DATA FOR PROCESSING ->
lemma expectation_hist_pmf_Suc:
  fixes sX :: "('x::finite, 'y::finite) history \<Rightarrow> 'x pmf" and F :: "('x, 'y) history \<Rightarrow> real"
  shows "measure_pmf.expectation (hist_pmf sX sY (Suc T)) F =
    measure_pmf.expectation (hist_pmf sX sY T) (\<lambda>h. measure_pmf.expectation (sX h) (\<lambda>a.
       measure_pmf.expectation (sY h) (\<lambda>b. F (h @ [(a, b)]))))"
  unfolding hist_pmf.simps
  by (subst expectation_bind_pmf_finite; simp add: finite_set_hist_pmf expectation_bind_pmf_finite)+

lemma expectation_hist_pmf_bounds:
  fixes sX :: "('x::finite, 'y::finite) history \<Rightarrow> 'x pmf"
    and \<sigma> :: "('x, 'y) history \<Rightarrow> 'a::finite pmf" and f :: "'a \<Rightarrow> real"
  assumes "\<And>a. m \<le> f a" "\<And>a. f a \<le> M"
  shows "m \<le> measure_pmf.expectation (hist_pmf sX sY t) (\<lambda>h. measure_pmf.expectation (\<sigma> h) f)"
    and "measure_pmf.expectation (hist_pmf sX sY t) (\<lambda>h. measure_pmf.expectation (\<sigma> h) f) \<le> M"
  using assms
  by (auto intro!: expectation_le_const_finite expectation_ge_const_finite finite_set_hist_pmf)

lemma Bseq_expectation_hist_pmf:
  fixes sX :: "('x::finite, 'y::finite) history \<Rightarrow> 'x pmf"
    and \<sigma> :: "('x, 'y) history \<Rightarrow> 'a::finite pmf" and f :: "'a \<Rightarrow> real"
  shows "Bseq (\<lambda>t. measure_pmf.expectation (hist_pmf sX sY t) (\<lambda>h. measure_pmf.expectation (\<sigma> h) f))"
  by (rule Limits.Bseq_eq_bounded[where a = "MIN a. f a" and b = "MAX a. f a"])
    (auto intro!: expectation_hist_pmf_bounds[where m = "MIN a. f a" and M = "MAX a. f a"])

PROBLEM DESCRIPTION ->
Transcribe the data above exactly as it reads.

SOLUTION TO THE EXERCISE ->
lemma expectation_hist_pmf_Suc:
  fixes sX :: "('x::finite, 'y::finite) history \<Rightarrow> 'x pmf" and F :: "('x, 'y) history \<Rightarrow> real"
  shows "measure_pmf.expectation (hist_pmf sX sY (Suc T)) F =
    measure_pmf.expectation (hist_pmf sX sY T) (\<lambda>h. measure_pmf.expectation (sX h) (\<lambda>a.
       measure_pmf.expectation (sY h) (\<lambda>b. F (h @ [(a, b)]))))"
  unfolding hist_pmf.simps
  by (subst expectation_bind_pmf_finite; simp add: finite_set_hist_pmf expectation_bind_pmf_finite)+

lemma expectation_hist_pmf_bounds:
  fixes sX :: "('x::finite, 'y::finite) history \<Rightarrow> 'x pmf"
    and \<sigma> :: "('x, 'y) history \<Rightarrow> 'a::finite pmf" and f :: "'a \<Rightarrow> real"
  assumes "\<And>a. m \<le> f a" "\<And>a. f a \<le> M"
  shows "m \<le> measure_pmf.expectation (hist_pmf sX sY t) (\<lambda>h. measure_pmf.expectation (\<sigma> h) f)"
    and "measure_pmf.expectation (hist_pmf sX sY t) (\<lambda>h. measure_pmf.expectation (\<sigma> h) f) \<le> M"
  using assms
  by (auto intro!: expectation_le_const_finite expectation_ge_const_finite finite_set_hist_pmf)

lemma Bseq_expectation_hist_pmf:
  fixes sX :: "('x::finite, 'y::finite) history \<Rightarrow> 'x pmf"
    and \<sigma> :: "('x, 'y) history \<Rightarrow> 'a::finite pmf" and f :: "'a \<Rightarrow> real"
  shows "Bseq (\<lambda>t. measure_pmf.expectation (hist_pmf sX sY t) (\<lambda>h. measure_pmf.expectation (\<sigma> h) f))"
  by (rule Limits.Bseq_eq_bounded[where a = "MIN a. f a" and b = "MAX a. f a"])
    (auto intro!: expectation_hist_pmf_bounds[where m = "MIN a. f a" and M = "MAX a. f a"])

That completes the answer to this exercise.